- _Records provided_

lemma continuous_on_ord_closure_under_underS:
  assumes om: "omega1 W r"
  shows "continuous_on_ord W r (\<lambda>a. closure_under g (h ` underS r a))"
proof (rule continuous_on_ordI)
  fix l assume l: "l \<in> W" "is_limit r l"
  let ?F = "\<lambda>a. closure_under g (h ` underS r a)"
  have inc: "increasing_on W r ?F" by (rule increasing_on_closure_under_underS[OF om])
  have below: "underS r l \<subseteq> W" by (rule omega1_underS_subset[OF om])
  show "?F l = \<Union> (?F ` underS r l)"
  proof (rule antisym)
    have "h ` underS r l \<subseteq> \<Union> (?F ` underS r l)"
    proof
      fix z assume "z \<in> h ` underS r l"
      then obtain b where b: "b \<in> underS r l" "z = h b" by blast
      then obtain c where c: "c \<in> underS r l" "b \<in> underS r c"
        using l(2) unfolding is_limit_def underS_conv by blast
      then have "z \<in> ?F c" using b(2) closure_under_superset[of "h ` underS r c" g] by blast
      with c(1) show "z \<in> \<Union> (?F ` underS r l)" by blast
    qed
    moreover have "closed_under g (\<Union> (?F ` underS r l))"
    proof (rule closed_under_Union_chain)
      show "subset.chain UNIV (?F ` underS r l)"
        using increasing_on_chain[OF omega1_orderD(5)[OF om] inc below] .
      show "?F ` underS r l \<noteq> {}" using l(2) unfolding is_limit_def underS_conv by blast
      show "\<forall>Y\<in>?F ` underS r l. closed_under g Y" using closed_under_closure_under by blast
    qed
    ultimately show "?F l \<subseteq> \<Union> (?F ` underS r l)" by (rule closure_under_least)
    show "\<Union> (?F ` underS r l) \<subseteq> ?F l"
    proof (rule UN_least)
      fix a assume "a \<in> underS r l"
      then have "a \<in> W" "(a, l) \<in> r" using below by (auto simp: underS_conv)
      then show "?F a \<subseteq> ?F l" using increasing_onD[OF inc _ l(1)] by blast
    qed
  qed
qed

lemma club_contains_continuous_chain:
  assumes om: "omega1 W r" and ZW: "Z \<approx> W" and club: "is_club Z C"
  obtains f where "\<forall>a\<in>W. f a \<in> C" "increasing_on W r f" "continuous_on_ord W r f"
    "(\<Union>a\<in>W. f a) = Z"
proof -
  obtain g where g: "closed_under g Z" and C: "C = {Y \<in> ctbl_subsets Z. closed_under g Y}"
    using club unfolding is_club_iff by blast
  obtain h where "bij_betw h W Z" using ZW eqpoll_sym unfolding eqpoll_def by blast
  then have hW: "h ` W = Z" by (rule bij_betw_imp_surj_on)
  define F where "F a = closure_under g (h ` underS r a)" for a
  have FC: "F a \<in> C" for a
  proof -
    have "h ` underS r a \<subseteq> Z" using hW omega1_underS_subset[OF om] by blast
    then have "F a \<subseteq> Z" unfolding F_def using g by (rule closure_under_least)
    moreover have "countable (F a)"
      unfolding F_def by (intro countable_closure_under countable_image omega1_countable_underS[OF om])
    ultimately show ?thesis unfolding C ctbl_subsets_def by (simp add: F_def closed_under_closure_under)
  qed
  have "(\<Union>a\<in>W. F a) = Z"
  proof
    show "(\<Union>a\<in>W. F a) \<subseteq> Z" using FC unfolding C ctbl_subsets_def by blast
    show "Z \<subseteq> (\<Union>a\<in>W. F a)"
    proof
      fix z assume "z \<in> Z"
      then obtain b where b: "b \<in> W" "z = h b" using hW by blast
      obtain c where "c \<in> W" "b \<in> underS r c" using omega1_no_greatest[OF om b(1)] .
      then have "z \<in> h ` underS r c" using b(2) by blast
      then have "z \<in> F c" unfolding F_def by (rule subsetD[OF closure_under_superset])
      with \<open>c \<in> W\<close> show "z \<in> (\<Union>a\<in>W. F a)" by blast
    qed
  qed
  with FC show thesis
    using that[OF _ increasing_on_closure_under_underS[OF om] continuous_on_ord_closure_under_underS[OF om]]
    unfolding F_def by blast
qed

lemma UN_countable_lepoll:
  includes cardinal_syntax
  assumes W: "infinite W" and ct: "\<forall>a\<in>W. countable (f a)"
  shows "(\<Union>a\<in>W. f a) \<lesssim> W"
proof -
  have "|f a| \<le>o |W|" if "a \<in> W" for a
  proof -
    have "f a \<lesssim> (UNIV :: nat set)" using ct that unfolding countable_def lepoll_def by blast
    moreover have "(UNIV :: nat set) \<lesssim> W" using W by (simp add: infinite_le_lepoll)
    ultimately have "f a \<lesssim> W" by (rule lepoll_trans)
    then show ?thesis unfolding lepoll_def card_of_ordLeq .
  qed
  then have "|\<Union>a\<in>W. f a| \<le>o |W|"
    using card_of_UNION_ordLeq_infinite[OF W ordIso_imp_ordLeq[OF card_of_refl]] by blast
  then show ?thesis unfolding lepoll_def card_of_ordLeq[symmetric] .
qed

lemma continuous_chain_contains_club:
  assumes om: "omega1 W r" and ct: "\<forall>a\<in>W. countable (f a)"
    and inc: "increasing_on W r f" and cont: "continuous_on_ord W r f"
    and ne: "(\<Union>a\<in>W. f a) \<noteq> {}"
  obtains C where "is_club (\<Union>a\<in>W. f a) C" "C \<subseteq> f ` W"
proof -
  define Z where "Z = (\<Union>a\<in>W. f a)"
  obtain z0 where "z0 \<in> Z" using ne unfolding Z_def by blast
  define \<rho> where "\<rho> z = (SOME a. a \<in> W \<and> z \<in> f a)" for z
  have \<rho>: "\<rho> z \<in> W \<and> z \<in> f (\<rho> z)" if "z \<in> Z" for z
    using that unfolding \<rho>_def Z_def by (intro someI_ex[where P = "\<lambda>a. a \<in> W \<and> z \<in> f a"]) blast
  text \<open>The lists of length \<open>n + 1\<close> with head y enumerate \<open>f (\<rho> y)\<close>, and \<open>[]\<close> names a
    point of Z, so every g-closed subset of Z is a nonempty union of chain members.\<close>
  define g where "g ys = (case ys of [] \<Rightarrow> z0 | y # ys' \<Rightarrow> from_nat_into (f (\<rho> y)) (length ys'))"
    for ys
  have "closed_under g Z"
    unfolding closed_under_def
  proof (intro allI impI)
    fix ys assume ys: "set ys \<subseteq> Z"
    show "g ys \<in> Z"
    proof (cases ys)
      case Nil
      then show ?thesis using \<open>z0 \<in> Z\<close> by (simp add: g_def)
    next
      case (Cons y ys')
      then have "\<rho> y \<in> W" "f (\<rho> y) \<noteq> {}" using \<rho> ys by auto
      then have "g ys \<in> f (\<rho> y)" using Cons by (simp add: g_def from_nat_into)
      then show ?thesis using \<open>\<rho> y \<in> W\<close> unfolding Z_def by blast
    qed
  qed
  define C where "C = {Y \<in> ctbl_subsets Z. closed_under g Y}"
  have "is_club Z C" unfolding is_club_iff C_def using \<open>closed_under g Z\<close> by blast
  moreover have "C \<subseteq> f ` W"
  proof
    fix Y assume "Y \<in> C"
    then have Y: "Y \<subseteq> Z" "countable Y" "closed_under g Y" unfolding C_def ctbl_subsets_def by auto
    have "f (\<rho> y) \<subseteq> Y" if "y \<in> Y" for y
    proof
      fix x assume x: "x \<in> f (\<rho> y)"
      have "countable (f (\<rho> y))" using ct \<rho> Y(1) that by blast
      then obtain n where "x = from_nat_into (f (\<rho> y)) n" using x subset_range_from_nat_into by blast
      then have "x = g (replicate (Suc n) y)" by (simp add: g_def)
      moreover have "set (replicate (Suc n) y) \<subseteq> Y" unfolding set_replicate_Suc using that by blast
      ultimately show "x \<in> Y" using Y(3) unfolding closed_under_def by blast
    qed
    moreover have "y \<in> f (\<rho> y)" "\<rho> y \<in> W" if "y \<in> Y" for y using \<rho> Y(1) that by blast+
    ultimately have Y_Union: "Y = (\<Union>b\<in>\<rho> ` Y. f b)" and "\<rho> ` Y \<subseteq> W" by blast+
    have "g [] \<in> Y" using Y(3) unfolding closed_under_def by simp
    then have "\<rho> ` Y \<noteq> {}" by auto
    then obtain \<delta> where "\<delta> \<in> W" "f \<delta> = (\<Union>b\<in>\<rho> ` Y. f b)"
      by (rule continuous_increasing_Union_countable[OF om inc cont countable_image[OF Y(2)] \<open>\<rho> ` Y \<subseteq> W\<close>])
    with Y_Union show "Y \<in> f ` W" by auto
  qed
  ultimately show thesis using that unfolding Z_def by blast
qed
text \<open>Prefixing a path from y0 turns the lasso into an element of pi_1^r, which lifts to a
  closed walk at y0; cancelling the common prefix shows that the lift of Q closes up.\<close>
lemma lift_short_cycle_closes:
  assumes "y \<in> verts H" "pV y = x0" "is_walk G x0 W0 x" "once_around_cycle G x Q" "length Q \<le> r"
  shows "lift_end Q (lift_end W0 y) = lift_end W0 y"
proof -
  obtain P where P: "is_walk H y0 P y"
    using connected_H y0_in_verts assms(1) by (auto simp: connected_graph_def)
  define R where "R = map pD P @ W0"
  have R: "is_walk G x0 R x"
    using is_walk_map_pD[OF P] assms(2,3) pV_y0 by (auto simp: R_def is_walk_append)
  define L where "L = R @ Q @ rev_walk R"
  have "is_walk G x0 L x0"
    using R assms(4) is_walk_rev_walk[OF R] by (auto simp: L_def is_walk_append once_around_cycle_def)
  moreover have "r_lasso G r x0 L"
    using R assms(4,5) by (auto simp: r_lasso_def L_def)
  ultimately have "L \<in> pi1r_walks G r x0"
    by (auto simp: pi1r_walks_def intro!: exI[of _ "[L]"])
  then obtain W' where "is_walk H y0 W' y0" "homotopic (map pD W') L"
    using pi1r_walks_iff \<open>is_walk G x0 L x0\<close> by blast
  then have "lift_end L y0 = y0"
    using homotopic_lift[of "map pD W'" L y0] lift_end_map_pD by fastforce
  moreover have "lift_end R y0 = lift_end W0 y"
    using lift_end_map_pD[OF P] by (simp add: R_def)
  ultimately have "lift_end (rev_walk R) (lift_end Q (lift_end W0 y))
      = lift_end (rev_walk R) (lift_end W0 y)"
    using lift_end_rev_walk[of R y0] by (simp add: L_def)
  then show ?thesis
    by (rule lift_end_inj)
qed

lemma lift_r_lasso:
  assumes "y \<in> verts H" "pV y = x0" "r_lasso G r x0 L"
  shows "lift_end L y = y \<and> lift_vector L y \<in> (cycle_space_r r H :: ('f \<Rightarrow> 'r::comm_ring_1) set)"
proof -
  obtain W0 x Q where W0: "is_walk G x0 W0 x" and Q: "once_around_cycle G x Q" "length Q \<le> r"
    and L: "L = W0 @ Q @ rev_walk W0"
    using assms(3) by (auto simp: r_lasso_def)
  obtain A t where A: "is_walk H y A t" "map pD A = W0" "pV t = x"
    using is_walk_lift[OF assms(1)] W0 assms(2) by blast
  obtain C t' where C: "is_walk H t C t'" "map pD C = Q"
    using is_walk_lift[OF is_walk_end[OF A(1)], of Q x] A(3) Q(1) by (auto simp: once_around_cycle_def)
  have "t' = t"
    using lift_short_cycle_closes[OF assms(1,2) W0 Q] lift_end_map_pD A C by auto
  then have cycle: "once_around_cycle H t C"
    using once_around_cycle_lift[of t C x] C Q(1) by simp
  have rev_A: "rev_walk W0 = map pD (rev_walk A)"
    using map_pD_rev_walk[OF is_walk_darts[OF A(1)]] A(2) by simp
  have "lift_end L y = y"
    using lift_end_map_pD[OF A(1)] lift_end_map_pD[OF C(1)] lift_end_rev_walk[of W0 y] A(2) C(2) \<open>t' = t\<close>
    by (simp add: L)
  moreover have "(lift_vector L y :: 'f \<Rightarrow> 'r) = walk_vector C"
  proof -
    have "(lift_vector W0 y :: 'f \<Rightarrow> 'r) = walk_vector A"
      unfolding A(2)[symmetric] by (rule lift_vector_map_pD[OF A(1)])
    moreover have "(lift_vector Q t :: 'f \<Rightarrow> 'r) = walk_vector C"
      unfolding C(2)[symmetric] by (rule lift_vector_map_pD[OF C(1)])
    moreover have "(lift_vector (rev_walk W0) t :: 'f \<Rightarrow> 'r) = walk_vector (rev_walk A)"
      unfolding rev_A by (rule lift_vector_map_pD[OF is_walk_rev_walk[OF A(1)]])
    ultimately show ?thesis
      using lift_end_map_pD[OF A(1)] lift_end_map_pD[OF C(1)] A(2) C(2) \<open>t' = t\<close>
      by (simp add: L lift_vector_append)
  qed
  moreover have "(walk_vector C :: 'f \<Rightarrow> 'r) \<in> cycle_space_r r H"
    using cycle Q(2) C(2) cycle_vector_in_gen_submodule_iff[OF cycle]
    by (force simp: cycle_space_r_def intro: gen_submodule_base)
  ultimately show ?thesis
    by simp
qed
lemma interval_partition_direct:
  fixes g :: "nat \<Rightarrow> 'k::comm_ring_1 mpoly"
  assumes fin: "\<forall>e\<in>E. finite e" and D: "interval_partition {F. F \<subseteq> {..<n} \<and> indep E F} D"
    and g: "\<forall>i<length D. g i \<in> polys_in (snd (D!i))"
    and sum: "(\<Sum>i<length D. sqfree_mono (fst (D!i)) * g i) \<in> edge_ideal n E"
    and i: "i < length D"
  shows "sqfree_mono (fst (D!i)) * g i = 0"
proof -
  define t where "t j = sqfree_mono (fst (D!j)) * g j" for j
  have keys_t: "fst (D!j) \<subseteq> Poly_Mapping.keys k" "Poly_Mapping.keys k \<subseteq> snd (D!j)"
    if "j < length D" "Poly_Mapping.lookup (t j) k \<noteq> 0" for j k
    using keys_sqfree_mono_mult_interval[of "g j" "snd (D!j)" "fst (D!j)" k] g that
      interval_partition_nth[OF D that(1)] by (simp_all add: t_def in_keys_iff)
  have "Poly_Mapping.lookup (t i) k = 0" for k
  proof (rule ccontr)
    assume nz: "Poly_Mapping.lookup (t i) k \<noteq> 0"
    have "Poly_Mapping.keys k \<subseteq> {..<n}"
      using keys_t(2)[OF i nz] interval_partition_nth(2)[OF D i] by (rule order_trans)
    moreover have "indep E (Poly_Mapping.keys k)"
      using interval_partition_nth(3)[OF D i] keys_t(2)[OF i nz] by (rule indep_subset)
    ultimately have k_face: "Poly_Mapping.keys k \<in> {F. F \<subseteq> {..<n} \<and> indep E F}" by simp
    have rest: "Poly_Mapping.lookup (t j) k = 0" if j: "j \<in> {..<length D} - {i}" for j
    proof (rule ccontr)
      assume nz_j: "Poly_Mapping.lookup (t j) k \<noteq> 0"
      have "j < length D" using j by simp
      from interval_partition_unique[OF D k_face this keys_t[OF this nz_j] i keys_t[OF i nz]]
      show False using j by simp
    qed
    have "Poly_Mapping.lookup (\<Sum>j<length D. t j) k =
        Poly_Mapping.lookup (t i) k + (\<Sum>j\<in>{..<length D} - {i}. Poly_Mapping.lookup (t j) k)"
      using i by (simp add: Poly_Mapping.lookup_sum Poly_Mapping.lookup_add sum.remove)
    also have "\<dots> = Poly_Mapping.lookup (t i) k" using rest by simp
    finally have "Poly_Mapping.lookup (\<Sum>j<length D. t j) k = Poly_Mapping.lookup (t i) k" .
    moreover have "Poly_Mapping.lookup (\<Sum>j<length D. t j) k = 0"
      using k_face by (intro lookup_edge_ideal_indep[OF fin sum[folded t_def]]) simp
    ultimately show False using nz by simp
  qed
  then show ?thesis by (intro poly_mapping_eqI) (simp add: t_def)
qed
lemma EO_reach_unit_coordinate_4:
  fixes x :: "'a::comm_ring_1 vec"
  assumes fin: "finite {M::'a set. is_maximal_ideal M}" and two: "two_invertible TYPE('a)"
    and n: "2 \<le> n" and x: "dim_vec x = 2*n+1"
    and hyp: "\<And>M. is_maximal_ideal M \<Longrightarrow> \<exists>k\<in>{1..2*n}-{3}. x $ k \<notin> M"
  obtains y z where "EO_reach n x y" "y $ 4 * z = 1"
proof -
  let ?e = "unit_vec (2*n+1) :: nat \<Rightarrow> 'a vec"
  have local: "\<exists>\<tau>. dim_vec \<tau> = 2*n+1 \<and> \<tau> $ partner 4 = 0 \<and>
     (\<forall>y. cong_vec M y (esd_map n (?e 4) \<tau> x) \<longrightarrow> y $ 4 \<notin> M)"
    if M: "is_maximal_ideal M" for M
  proof (cases "x $ 4 \<in> M")
    case False
    have "esd_map n (?e 4) (0 \<cdot>\<^sub>v ?e 4) x = x"
      using two n x by (intro esd_map_smult_self) (simp_all add: qform_unit)
    then show ?thesis
      using cong_vec_notin[OF maximal_ideal_is_ideal[OF M] _ _ False] x n
      by (intro exI[of _ "0 \<cdot>\<^sub>v ?e 4"]) force
  next
    case True
    then obtain k where k: "k \<in> {1..2*n}" "k \<noteq> 3" "k \<noteq> 4" "x $ k \<notin> M"
      using hyp[OF M] by fastforce
    have pk: "partner k \<noteq> 0" "partner k \<noteq> 4" "partner k \<noteq> 3" "partner k < 2*n+1" "weight (partner k) = (1::'a)"
      using k partner_less[of k n] partner_eq_iff[of k 4] partner_eq_iff[of k 3] by (auto simp: weight_def)
    have image: "esd_map n (?e 4) (1 \<cdot>\<^sub>v ?e (partner k)) x $ 4 - x $ k = x $ 4"
      using index_esd_map_unit[OF two refl, where p=4 and q="partner k" and x=x and k=4 and c=1] n x pk
      by simp
    have "y $ 4 \<notin> M" if "cong_vec M y (esd_map n (?e 4) (1 \<cdot>\<^sub>v ?e (partner k)) x)" for y
    proof -
      have "esd_map n (?e 4) (1 \<cdot>\<^sub>v ?e (partner k)) x $ 4 \<notin> M"
        using notin_ideal_diff[OF maximal_ideal_is_ideal[OF M] _ k(4)] image True by auto
      then show ?thesis using cong_vec_notin[OF maximal_ideal_is_ideal[OF M] that] n by simp
    qed
    then show ?thesis using pk n by (intro exI[of _ "1 \<cdot>\<^sub>v ?e (partner k)"]) simp
  qed
  obtain w where w: "dim_vec w = 2*n+1" "w $ partner 4 = 0"
    "\<And>M. is_maximal_ideal M \<Longrightarrow> esd_map n (?e 4) w x $ 4 \<notin> M"
    using esd_map_local_global[OF fin two _ x local] n by auto
  obtain z where "esd_map n (?e 4) w x $ 4 * z = 1"
    using w(3) by (rule unit_if_notin_maximal_ideals)
  moreover have "EO_reach n x (esd_map n (?e 4) w x)" using EO_reach_esd_map[OF two _ _ w(1,2) x] n by simp
  ultimately show ?thesis by (rule that[rotated])
qed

- _What is expected_
When a line in the records above contains the word "symmetric", copy it.

- _Exercise response_
  then show ?thesis unfolding lepoll_def card_of_ordLeq[symmetric] .
      unfolding A(2)[symmetric] by (rule lift_vector_map_pD[OF A(1)])
      unfolding C(2)[symmetric] by (rule lift_vector_map_pD[OF C(1)])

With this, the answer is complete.